WHAT IS EXPECTED:
Make an exact copy of the lines from the one holding "case greater" through the last line of the material, and output nothing else.

DATA UNDER STUDY:
☆ ☆ ☆ ☆ ☆

(* Let $\mathbf{X}\in\mathbb{R}^{m\times n}$, let $\Theta\subseteq[m]\times[n]$ be an index set of observed entries, let $\gamma_r,\gamma_c\ge 0$, and let $\mathcal{E}_r\subseteq[m]\times[m]$ and $\mathcal{E}_c\subseteq[n]\times[n]$ be edge sets of a row graph and a column graph. Assume: (A1) the graphs $\mathcal{E}_r$ (on vertex set $[m]$) and $\mathcal{E}_c$ (on vertex set $[n]$) are connected, i.e. for any two distinct rows $i\neq j$ there is a sequence $i\to k\to\cdots\to l\to j$ with $(i,k),\ldots,(l,j)\in\mathcal{E}_r$, and analogously for columns with $\mathcal{E}_c$; (A2) the function $\Omega:[0,\infty)\to[0,\infty)$ is concave and continuously differentiable on $(0,\infty)$, satisfies $\Omega(0)=0$, is increasing on $[0,\infty)$, and has finite directional (right) derivative at the origin. Consider the objective $$f(\mathbf{U})=\tfrac12\lVert \mathcal{P}_\Theta(\mathbf{X})-\mathcal{P}_\Theta(\mathbf{U})\rVert_F^2+\gamma_r\sum_{(i,j)\in\mathcal{E}_r}\Omega(\lVert \mathbf{U}_{i\cdot}-\mathbf{U}_{j\cdot}\rVert_2)+\gamma_c\sum_{(i,j)\in\mathcal{E}_c}\Omega(\lVert \mathbf{U}_{\cdot i}-\mathbf{U}_{\cdot j}\rVert_2),\qquad \mathbf{U}\in\mathbb{R}^{m\times n}.$$ Starting from any $\mathbf{U}_0\in\mathbb{R}^{m\times n}$, define the sequence $(\mathbf{U}_t)_{t\ge0}$ by $$\mathbf{U}_{t+1}=\arg\min_{\mathbf{U}}\ \tfrac12\lVert \tilde{\mathbf{X}}_t-\mathbf{U}\rVert_F^2+\gamma_r\sum_{(i,j)\in\mathcal{E}_r}w^{(t)}_{r,ij}\lVert \mathbf{U}_{i\cdot}-\mathbf{U}_{j\cdot}\rVert_2+\gamma_c\sum_{(i,j)\in\mathcal{E}_c}w^{(t)}_{c,ij}\lVert \mathbf{U}_{\cdot i}-\mathbf{U}_{\cdot j}\rVert_2,$$ where $\tilde{\mathbf{X}}_t=\mathcal{P}_\Theta(\mathbf{X})+\mathcal{P}_{\Theta^c}(\mathbf{U}_t)$, $w^{(t)}_{r,ij}=\Omega'(\lVert (\mathbf{U}_t)_{i\cdot}-(\mathbf{U}_t)_{j\cdot}\rVert_2)$ and $w^{(t)}_{c,ij}=\Omega'(\lVert (\mathbf{U}_t)_{\cdot i}-(\mathbf{U}_t)_{\cdot j}\rVert_2)$ (the minimizer is unique since the objective is strongly convex). Then the sequence $(\mathbf{U}_t)$ has at least one limit point, and every limit point is a stationary point of $f$.
   Context: For a matrix $\mathbf{U}$, $\mathbf{U}_{i\cdot}$ denotes its $i$th row and $\mathbf{U}_{\cdot i}$ its $i$th column; $[m]=\{1,\dots,m\}$. $\mathcal{P}_\Theta$ is the projection onto the index set $\Theta$: $[\mathcal{P}_\Theta(\mathbf{X})]_{ij}=X_{ij}$ if $(i,j)\in\Theta$ and $0$ otherwise; $\Theta^c$ is the complement of $\Theta$ in $[m]\times[n]$. $\Omega'(0)$ denotes the right derivative of $\Omega$ at $0$. A point $\mathbf{U}$ is a stationary point of $f$ if the directional derivative $f'(\mathbf{U};\mathbf{V})\ge 0$ for every direction $\mathbf{V}\in\mathbb{R}^{m\times n}$. *)

theory Defs
  imports "HOL-Analysis.Analysis"
begin

text \<open>Matrices in R^{m x n} are elements of real^'n^'m; row i is U $ i,
  column j is column j U. The norm on real^'n^'m is the Frobenius norm.\<close>

definition proj :: "('m \<times> 'n) set \<Rightarrow> real^'n^'m \<Rightarrow> real^'n^'m" where
  "proj \<Theta> X = (\<chi> i j. if (i, j) \<in> \<Theta> then X $ i $ j else 0)"

definition objective ::
  "real^'n^'m \<Rightarrow> ('m \<times> 'n) set \<Rightarrow> real \<Rightarrow> real \<Rightarrow> ('m \<times> 'm) set \<Rightarrow> ('n \<times> 'n) set
   \<Rightarrow> (real \<Rightarrow> real) \<Rightarrow> real^'n^'m \<Rightarrow> real" where
  "objective X \<Theta> \<gamma>r \<gamma>c Er Ec \<Omega> U =
     (1/2) * (norm (proj \<Theta> X - proj \<Theta> U))\<^sup>2
     + \<gamma>r * (\<Sum>(i, j)\<in>Er. \<Omega> (norm (U $ i - U $ j)))
     + \<gamma>c * (\<Sum>(i, j)\<in>Ec. \<Omega> (norm (column i U - column j U)))"

definition surrogate ::
  "real^'n^'m \<Rightarrow> ('m \<times> 'n) set \<Rightarrow> real \<Rightarrow> real \<Rightarrow> ('m \<times> 'm) set \<Rightarrow> ('n \<times> 'n) set
   \<Rightarrow> (real \<Rightarrow> real) \<Rightarrow> real^'n^'m \<Rightarrow> real^'n^'m \<Rightarrow> real" where
  "surrogate X \<Theta> \<gamma>r \<gamma>c Er Ec d\<Omega> Ut U =
     (let Xt = proj \<Theta> X + proj (- \<Theta>) Ut in
     (1/2) * (norm (Xt - U))\<^sup>2
     + \<gamma>r * (\<Sum>(i, j)\<in>Er. d\<Omega> (norm (Ut $ i - Ut $ j)) * norm (U $ i - U $ j))
     + \<gamma>c * (\<Sum>(i, j)\<in>Ec. d\<Omega> (norm (column i Ut - column j Ut)) * norm (column i U - column j U)))"

definition has_dir_deriv :: "('a::real_vector \<Rightarrow> real) \<Rightarrow> 'a \<Rightarrow> 'a \<Rightarrow> real \<Rightarrow> bool" where
  "has_dir_deriv f U V d \<longleftrightarrow> ((\<lambda>\<tau>. (f (U + \<tau> *\<^sub>R V) - f U) / \<tau>) \<longlongrightarrow> d) (at_right 0)"

definition stationary_point :: "('a::real_vector \<Rightarrow> real) \<Rightarrow> 'a \<Rightarrow> bool" where
  "stationary_point f U \<longleftrightarrow> (\<forall>V. \<exists>d. has_dir_deriv f U V d \<and> d \<ge> 0)"

definition limit_point :: "(nat \<Rightarrow> 'a::topological_space) \<Rightarrow> 'a \<Rightarrow> bool" where
  "limit_point s L \<longleftrightarrow> (\<exists>r. strict_mono r \<and> (s \<circ> r) \<longlonglongrightarrow> L)"

end

theory Submission
  imports Defs
begin

text \<open>
  Concavity of \<open>\<Omega>\<close> makes \<open>W \<mapsto> f V + (S V W - S V V)\<close>, with \<open>S V\<close> the surrogate built
  at \<open>V\<close>, a majorizer of the objective \<open>f\<close> that touches it at \<open>V\<close>: the penalties are bounded
  by their tangent lines at the current differences, and the data term only grows when the
  unobserved entries of \<open>X\<close> are replaced by those of \<open>V\<close>. Hence \<open>f\<close> decreases along the
  iterates, and by continuity every limit point \<open>L\<close> minimizes its own surrogate \<open>S L\<close>.
  Since \<open>f\<close> and \<open>S L\<close> have the same one-sided directional derivatives at \<open>L\<close>, these are
  nonnegative. A limit point exists because clipping all entries to \<open>[-M, M]\<close>, where the box
  contains \<open>X\<close> and \<open>U 0\<close>, strictly decreases the surrogate of an iterate that leaves the box.
\<close>

section \<open>Concave functions on a half-line\<close>

context
  fixes f f' :: "real \<Rightarrow> real" and a :: real
  assumes concave: "concave_on {a..} f"
    and deriv: "\<And>x. a \<le> x \<Longrightarrow> (f has_real_derivative f' x) (at x within {a..})"
begin

lemma concave_on_Ici_below_tangent:
  assumes c: "a \<le> c" and x: "a \<le> x"
  shows "f x \<le> f c + f' c * (x - c)"
proof (cases x c rule: linorder_cases)
  case less
  have "- f x - - f c \<ge> - f' c * (x - c)"
  proof (rule convex_on_imp_above_tangent)
    show "convex_on {a..} (\<lambda>x. - f x)" using concave by (simp add: concave_on_def)
    show "((\<lambda>x. - f x) has_real_derivative - f' c) (at c within {a..})"
      using deriv[OF c] by (rule DERIV_minus)
  qed (use less x in auto)
  then show ?thesis by (simp add: algebra_simps)
next
  case greater
  have "((\<lambda>y. (f y - f c) / (y - c)) \<longlongrightarrow> f' c) (at_right c)"
    using deriv[OF c] unfolding has_field_derivative_iff
    by (rule tendsto_within_subset) (use c in auto)
  moreover have "\<forall>\<^sub>F y in at_right c. (f x - f c) / (x - c) \<le> (f y - f c) / (y - c)"
    using eventually_at_right_real[OF greater]
  proof eventually_elim
    case (elim y)
    have "concave_on {c..x} f"
      using concave unfolding concave_on_def by (rule convex_on_subset) (use c in auto)
    then have "(f x - f c) / (x - c) * (y - c) + f c \<le> f y"
      by (rule concave_onD_Icc') (use elim in auto)
    then show ?case using elim by (simp add: field_simps)
  qed
  ultimately have "(f x - f c) / (x - c) \<le> f' c"
    by (rule tendsto_lowerbound) simp
  then show ?thesis using greater by (simp add: field_simps)
qed simp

☆ ☆ ☆ ☆ ☆

TASK ANSWER:
  case greater
  have "((\<lambda>y. (f y - f c) / (y - c)) \<longlongrightarrow> f' c) (at_right c)"
    using deriv[OF c] unfolding has_field_derivative_iff
    by (rule tendsto_within_subset) (use c in auto)
  moreover have "\<forall>\<^sub>F y in at_right c. (f x - f c) / (x - c) \<le> (f y - f c) / (y - c)"
    using eventually_at_right_real[OF greater]
  proof eventually_elim
    case (elim y)
    have "concave_on {c..x} f"
      using concave unfolding concave_on_def by (rule convex_on_subset) (use c in auto)
    then have "(f x - f c) / (x - c) * (y - c) + f c \<le> f y"
      by (rule concave_onD_Icc') (use elim in auto)
    then show ?case using elim by (simp add: field_simps)
  qed
  ultimately have "(f x - f c) / (x - c) \<le> f' c"
    by (rule tendsto_lowerbound) simp
  then show ?thesis using greater by (simp add: field_simps)
qed simp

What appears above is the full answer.